Demonstration and instructions for the walking stage
Explain the test requirements using the following instructions accompanied by demonstrations:

  • When I tell you to start take nine heel to toe steps, turn, and take nine heel to toe steps back. (Demonstrate 3 heel to toe steps).
  • When you turn keep the front foot on the line and turn by taking a series of small steps with the other foot like this. (Demonstrate).
  • While you are walking, keep your arms at your sides, watch your feet at all times, and count your steps out loud.
  • Once you start walking, do not stop until you have completed the test.
  • Do you understand the instructions? (Make sure suspect understands)
  • Begin and count your first step from the heel to toe position as one.  (P. VIII-9, NHTSA SFST Student Manual)

A police  report will list, or fail to list if you were told to maintain the instructional position and not begin the test until instructed to do so. If anything is omitted,  or changed from these administrative protocols, the test has been altered and is no longer a standardized, validated sobriety test. As a result of the changes having been made the test has been compromised and the results will be invalid and unreliable.

NHTSA says that: “IT IS NECESSARY TO EMPHASIZE THIS VALIDATION APPLIES ONLY WHEN: THE TESTS ARE ADMINISTERED IN THE PRESCRIBED STANDARDIZED MANNER, THE STANDARDIZED CLUES ARE USED TO ASSESS THE SUSPECTS PERFORMANCE, THE STANDARDIZED CRITERIA ARE EMPLOYED TO INTERPRET THAT PERFORMANCE. IF ANY ONE OF THE STANDARDIZED FIELD SOBRIETY TEST ELEMENTS IS CHANGED THE VALIDITY IS COMPROMISED” (P.VIII-19, SFST student manual, HS 178 R1/02).

THE STANDARDIZED FIELD SOBRIETY TESTS ARE NOT AT ALL FLEXIBLE. THEY MUST BE ADMINISTERED EACH TIME, EXACTLY AS OUTLINED IN THIS COURSE (P. 8, SFST Administrators Guide, HS 178 R1/02).

Walk and Turn Limitations

“The original research indicated that individuals over 65 years of age, who have back, leg or middle ear problems had difficulty performing this test.
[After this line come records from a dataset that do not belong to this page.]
lemma minimizers_eq_of_attained_bound:
  fixes f :: "'x \<Rightarrow> 'b::order"
  assumes "\<forall>x\<in>X. m \<le> f x" "\<forall>x\<in>X. f x = m \<longleftrightarrow> Q x" "x0 \<in> X" "Q x0"
  shows "{x\<in>X. \<forall>y\<in>X. f x \<le> f y} = {x\<in>X. Q x}"
proof -
  have "f x = m" if "x \<in> X" "\<forall>y\<in>X. f x \<le> f y" for x
    using assms that by (metis order.antisym)
  then show ?thesis
    using assms by auto
qed

lemma maximizers_eq_of_attained_bound:
  fixes f :: "'x \<Rightarrow> 'b::order"
  assumes "\<forall>x\<in>X. f x \<le> m" "\<forall>x\<in>X. f x = m \<longleftrightarrow> Q x" "x0 \<in> X" "Q x0"
  shows "{x\<in>X. \<forall>y\<in>X. f y \<le> f x} = {x\<in>X. Q x}"
proof -
  have "f x = m" if "x \<in> X" "\<forall>y\<in>X. f y \<le> f x" for x
    using assms that by (metis order.antisym)
  then show ?thesis
    using assms by auto
qed

lemma finite_trajs: "finite (trajs n :: ('s::finite \<times> 'a::finite) list set)"
  using finite_lists_length_eq[of "UNIV :: ('s \<times> 'a) set" n] by (simp add: trajs_def)

lemma trajs_Suc: "trajs (Suc n) = (\<lambda>(xs, x). xs @ [x]) ` (trajs n \<times> UNIV)"
proof safe
  fix ys assume "ys \<in> trajs (Suc n)"
  then have "ys = butlast ys @ [last ys]" "length (butlast ys) = n"
    by (auto simp: trajs_def intro: append_butlast_last_id[symmetric])
  then show "ys \<in> (\<lambda>(xs, x). xs @ [x]) ` (trajs n \<times> UNIV)"
    by (intro image_eqI[of _ _ "(butlast ys, last ys)"]) (auto simp: trajs_def)
qed (auto simp: trajs_def)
Individual wearing heels more than 2 inches high should be given the opportunity to remove their shoes” (P. VIII-11, NHTSA SFST Student Manual, 2002).
Examples of conditions that may interfere with suspect’s performance of the walk and turn test:

  • Wind/weather conditions;
  • Suspects age, weight;
  • Suspects footwear.

Test Scoring

For this test, the original validation studies for the Walk and Turn, from a 1977 study, indicated that two or more of the following clues corresponded to a blood alcohol level above .10%, and a 1996 study stated two or more clues corresponded to a level above .08:

  • Can’t balance during instructions.
  • Starts too soon.
  • Stops while walking.
  • Doesn’t touch heel to toe.
  • Steps off the line.
  • Uses arms for balance.
  • Improper Turn / Loses balance on turn.
  • Wrong number of steps.

(Our DUI Defense Lawyers usually review any patrol car video carefully, while being mindful of the eight cues above).